- WHAT TO DO: With the listing in front of you, retype it exactly.

- DATA TO USE:
(* For every $a \in \mathbb{N}$ and every integer $b \ge 2$, $R_\mathrm{cyc}(S_a, C_b^\mathrm{mon}) = 1 + (a-1)(b-1)$, where $S_a$ is any star graph of order $a$.
   Context: All graphs are finite, simple and undirected, and a graph of order $n$ has vertex set $\{0,1,\ldots,n-1\}$; $K_n$ is the complete graph on $\{0,\ldots,n-1\}$. A $2$-edge-coloring of $K_n$ assigns each edge a color in $\{1,2\}$. An embedding of $H$ in color $j$ is an injective map $\varphi\colon V(H)\to V(K_n)$ such that every edge $uv$ of $H$ goes to an edge $\{\varphi(u),\varphi(v)\}$ of color $j$; it is increasing up to a cyclic permutation if there exists $t\in V(H)$ such that $(\varphi(t),\ldots,\varphi(|H|-1),\varphi(0),\ldots,\varphi(t-1))$ is increasing. $R_\mathrm{cyc}(H_1,H_2)$ is the smallest $n$ such that every $2$-edge-coloring of $K_n$ admits an embedding of $H_1$ in color $1$ or of $H_2$ in color $2$ that is increasing up to a cyclic permutation. A star graph of order $n$ is a graph on $\{0,\ldots,n-1\}$ in which one vertex (the center, arbitrary) is adjacent to all others and there are no other edges. For $n\ge3$ the monotone cycle $C_n^\mathrm{mon}$ has edges $\{i,i+1\}$ ($0\le i\le n-2$) and $\{0,n-1\}$; by convention $C_2^\mathrm{mon}=K_2$. *)

theory Defs
  imports Main
begin
lemma linear_growth_off_sublevel:
  fixes V :: "'a::euclidean_space set" and \<eta> :: "'a \<Rightarrow> real" and g :: "'a \<Rightarrow> 'a"
  assumes V: "compact V" "convex V"
    and L: "L = {v\<in>V. \<eta> v \<le> a}" "L \<subseteq> interior V" "L \<noteq> {}" "L \<noteq> V"
    and K: "K = {v\<in>V. \<eta> v = a}"
    and deriv: "\<forall>v\<in>V. (\<eta> has_derivative (\<lambda>h. g v \<bullet> h)) (at v within V)"
    and C1: "continuous_on V g"
    and grad: "\<exists>m>0. \<forall>v\<in>K. m \<le> norm (g v)"
  shows "\<exists>d0>0.
    (let c = Inf ((\<lambda>v. norm (g v)) ` K) / 2;
         \<delta> = Inf ((\<lambda>v. \<eta> v - a) ` {v \<in> V. infdist v L \<ge> d0})
     in c > 0 \<and> {v \<in> V. infdist v L \<ge> d0} \<noteq> {} \<and> \<delta> > 0 \<and>
        (\<forall>v \<in> V - L. \<eta> v - a \<ge> min (c * infdist v L) \<delta>))"
proof -
  define c where "c = Inf ((\<lambda>v. norm (g v)) ` K) / 2"
  have eta_cont: "continuous_on V \<eta>"
    using deriv has_derivative_continuous continuous_on_eq_continuous_within by blast
  text \<open>The level set is nonempty, as \<open>\<eta>\<close> takes values on both sides of \<open>a\<close>.\<close>
  obtain w v1 where "w \<in> L" "v1 \<in> V - L" using L(1,3,4) by blast
  then have w: "w \<in> V" "\<eta> w \<le> a" and v1: "v1 \<in> V" "v1 \<notin> L" "a \<le> \<eta> v1"
    using L(1) by auto
  obtain p where "p \<in> closed_segment w v1" "\<eta> p = a"
    using level_crossing_on_segment[OF V(2) eta_cont w(1) v1(1) w(2) v1(3)] .
  then have "K \<noteq> {}" using closed_segment_subset[OF w(1) v1(1) V(2)] K by auto
  then have c_pos: "c > 0" and gK: "\<forall>p\<in>V. \<eta> p = a \<longrightarrow> 2 * c \<le> norm (g p)"
    using Inf_image_pos[of K "\<lambda>v. norm (g v)"] grad K by (auto simp: c_def)
  text \<open>Near regime up to distance \<open>r\<close>; the far regime starts at \<open>d0 \<le> r\<close>, chosen so small
    that it still contains \<open>v1\<close>.\<close>
  obtain r where r: "r > 0"
    "\<And>v. v \<in> V \<Longrightarrow> a \<le> \<eta> v \<Longrightarrow> infdist v L < r \<Longrightarrow> c * infdist v L \<le> \<eta> v - a"
    using linear_growth_near_sublevel[OF V L(1,2,3) deriv C1 c_pos gK] by blast
  have "closed L"
    using compact_preimage_on[OF V(1) eta_cont, of "{..a}"] compact_imp_closed by (simp add: L(1))
  define d0 where "d0 = min r (infdist v1 L)"
  define D where "D = {v \<in> V. infdist v L \<ge> d0}"
  have d0: "d0 > 0"
    using r(1) infdist_pos_not_in_closed[OF \<open>closed L\<close> L(3) v1(2)] by (simp add: d0_def)
  have D_ne: "D \<noteq> {}" using v1(1) by (auto simp: D_def d0_def)
  note \<delta> = gap_away_from_sublevel[OF V(1) eta_cont L(1) D_def d0 D_ne]
  have growth: "\<forall>v \<in> V - L. \<eta> v - a \<ge> min (c * infdist v L) (Inf ((\<lambda>v. \<eta> v - a) ` D))"
  proof
    fix v assume v: "v \<in> V - L"
    show "\<eta> v - a \<ge> min (c * infdist v L) (Inf ((\<lambda>v. \<eta> v - a) ` D))"
    proof (cases "infdist v L < d0")
      case True
      then have "c * infdist v L \<le> \<eta> v - a" using r(2)[of v] v L(1) by (auto simp: d0_def)
      then show ?thesis by linarith
    next
      case False
      then have "v \<in> D" using v by (simp add: D_def)
      then show ?thesis using \<delta>(2)[of v] by linarith
    qed
  qed
  show ?thesis
    unfolding Let_def
    by (intro exI[of _ d0] conjI) (use d0 c_pos D_ne \<delta>(1) growth in \<open>simp_all add: c_def D_def\<close>)
qed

- ANSWER TO THIS PROBLEM:
(* For every $a \in \mathbb{N}$ and every integer $b \ge 2$, $R_\mathrm{cyc}(S_a, C_b^\mathrm{mon}) = 1 + (a-1)(b-1)$, where $S_a$ is any star graph of order $a$.
   Context: All graphs are finite, simple and undirected, and a graph of order $n$ has vertex set $\{0,1,\ldots,n-1\}$; $K_n$ is the complete graph on $\{0,\ldots,n-1\}$. A $2$-edge-coloring of $K_n$ assigns each edge a color in $\{1,2\}$. An embedding of $H$ in color $j$ is an injective map $\varphi\colon V(H)\to V(K_n)$ such that every edge $uv$ of $H$ goes to an edge $\{\varphi(u),\varphi(v)\}$ of color $j$; it is increasing up to a cyclic permutation if there exists $t\in V(H)$ such that $(\varphi(t),\ldots,\varphi(|H|-1),\varphi(0),\ldots,\varphi(t-1))$ is increasing. $R_\mathrm{cyc}(H_1,H_2)$ is the smallest $n$ such that every $2$-edge-coloring of $K_n$ admits an embedding of $H_1$ in color $1$ or of $H_2$ in color $2$ that is increasing up to a cyclic permutation. A star graph of order $n$ is a graph on $\{0,\ldots,n-1\}$ in which one vertex (the center, arbitrary) is adjacent to all others and there are no other edges. For $n\ge3$ the monotone cycle $C_n^\mathrm{mon}$ has edges $\{i,i+1\}$ ($0\le i\le n-2$) and $\{0,n-1\}$; by convention $C_2^\mathrm{mon}=K_2$. *)

theory Defs
  imports Main
begin
lemma linear_growth_off_sublevel:
  fixes V :: "'a::euclidean_space set" and \<eta> :: "'a \<Rightarrow> real" and g :: "'a \<Rightarrow> 'a"
  assumes V: "compact V" "convex V"
    and L: "L = {v\<in>V. \<eta> v \<le> a}" "L \<subseteq> interior V" "L \<noteq> {}" "L \<noteq> V"
    and K: "K = {v\<in>V. \<eta> v = a}"
    and deriv: "\<forall>v\<in>V. (\<eta> has_derivative (\<lambda>h. g v \<bullet> h)) (at v within V)"
    and C1: "continuous_on V g"
    and grad: "\<exists>m>0. \<forall>v\<in>K. m \<le> norm (g v)"
  shows "\<exists>d0>0.
    (let c = Inf ((\<lambda>v. norm (g v)) ` K) / 2;
         \<delta> = Inf ((\<lambda>v. \<eta> v - a) ` {v \<in> V. infdist v L \<ge> d0})
     in c > 0 \<and> {v \<in> V. infdist v L \<ge> d0} \<noteq> {} \<and> \<delta> > 0 \<and>
        (\<forall>v \<in> V - L. \<eta> v - a \<ge> min (c * infdist v L) \<delta>))"
proof -
  define c where "c = Inf ((\<lambda>v. norm (g v)) ` K) / 2"
  have eta_cont: "continuous_on V \<eta>"
    using deriv has_derivative_continuous continuous_on_eq_continuous_within by blast
  text \<open>The level set is nonempty, as \<open>\<eta>\<close> takes values on both sides of \<open>a\<close>.\<close>
  obtain w v1 where "w \<in> L" "v1 \<in> V - L" using L(1,3,4) by blast
  then have w: "w \<in> V" "\<eta> w \<le> a" and v1: "v1 \<in> V" "v1 \<notin> L" "a \<le> \<eta> v1"
    using L(1) by auto
  obtain p where "p \<in> closed_segment w v1" "\<eta> p = a"
    using level_crossing_on_segment[OF V(2) eta_cont w(1) v1(1) w(2) v1(3)] .
  then have "K \<noteq> {}" using closed_segment_subset[OF w(1) v1(1) V(2)] K by auto
  then have c_pos: "c > 0" and gK: "\<forall>p\<in>V. \<eta> p = a \<longrightarrow> 2 * c \<le> norm (g p)"
    using Inf_image_pos[of K "\<lambda>v. norm (g v)"] grad K by (auto simp: c_def)
  text \<open>Near regime up to distance \<open>r\<close>; the far regime starts at \<open>d0 \<le> r\<close>, chosen so small
    that it still contains \<open>v1\<close>.\<close>
  obtain r where r: "r > 0"
    "\<And>v. v \<in> V \<Longrightarrow> a \<le> \<eta> v \<Longrightarrow> infdist v L < r \<Longrightarrow> c * infdist v L \<le> \<eta> v - a"
    using linear_growth_near_sublevel[OF V L(1,2,3) deriv C1 c_pos gK] by blast
  have "closed L"
    using compact_preimage_on[OF V(1) eta_cont, of "{..a}"] compact_imp_closed by (simp add: L(1))
  define d0 where "d0 = min r (infdist v1 L)"
  define D where "D = {v \<in> V. infdist v L \<ge> d0}"
  have d0: "d0 > 0"
    using r(1) infdist_pos_not_in_closed[OF \<open>closed L\<close> L(3) v1(2)] by (simp add: d0_def)
  have D_ne: "D \<noteq> {}" using v1(1) by (auto simp: D_def d0_def)
  note \<delta> = gap_away_from_sublevel[OF V(1) eta_cont L(1) D_def d0 D_ne]
  have growth: "\<forall>v \<in> V - L. \<eta> v - a \<ge> min (c * infdist v L) (Inf ((\<lambda>v. \<eta> v - a) ` D))"
  proof
    fix v assume v: "v \<in> V - L"
    show "\<eta> v - a \<ge> min (c * infdist v L) (Inf ((\<lambda>v. \<eta> v - a) ` D))"
    proof (cases "infdist v L < d0")
      case True
      then have "c * infdist v L \<le> \<eta> v - a" using r(2)[of v] v L(1) by (auto simp: d0_def)
      then show ?thesis by linarith
    next
      case False
      then have "v \<in> D" using v by (simp add: D_def)
      then show ?thesis using \<delta>(2)[of v] by linarith
    qed
  qed
  show ?thesis
    unfolding Let_def
    by (intro exI[of _ d0] conjI) (use d0 c_pos D_ne \<delta>(1) growth in \<open>simp_all add: c_def D_def\<close>)
qed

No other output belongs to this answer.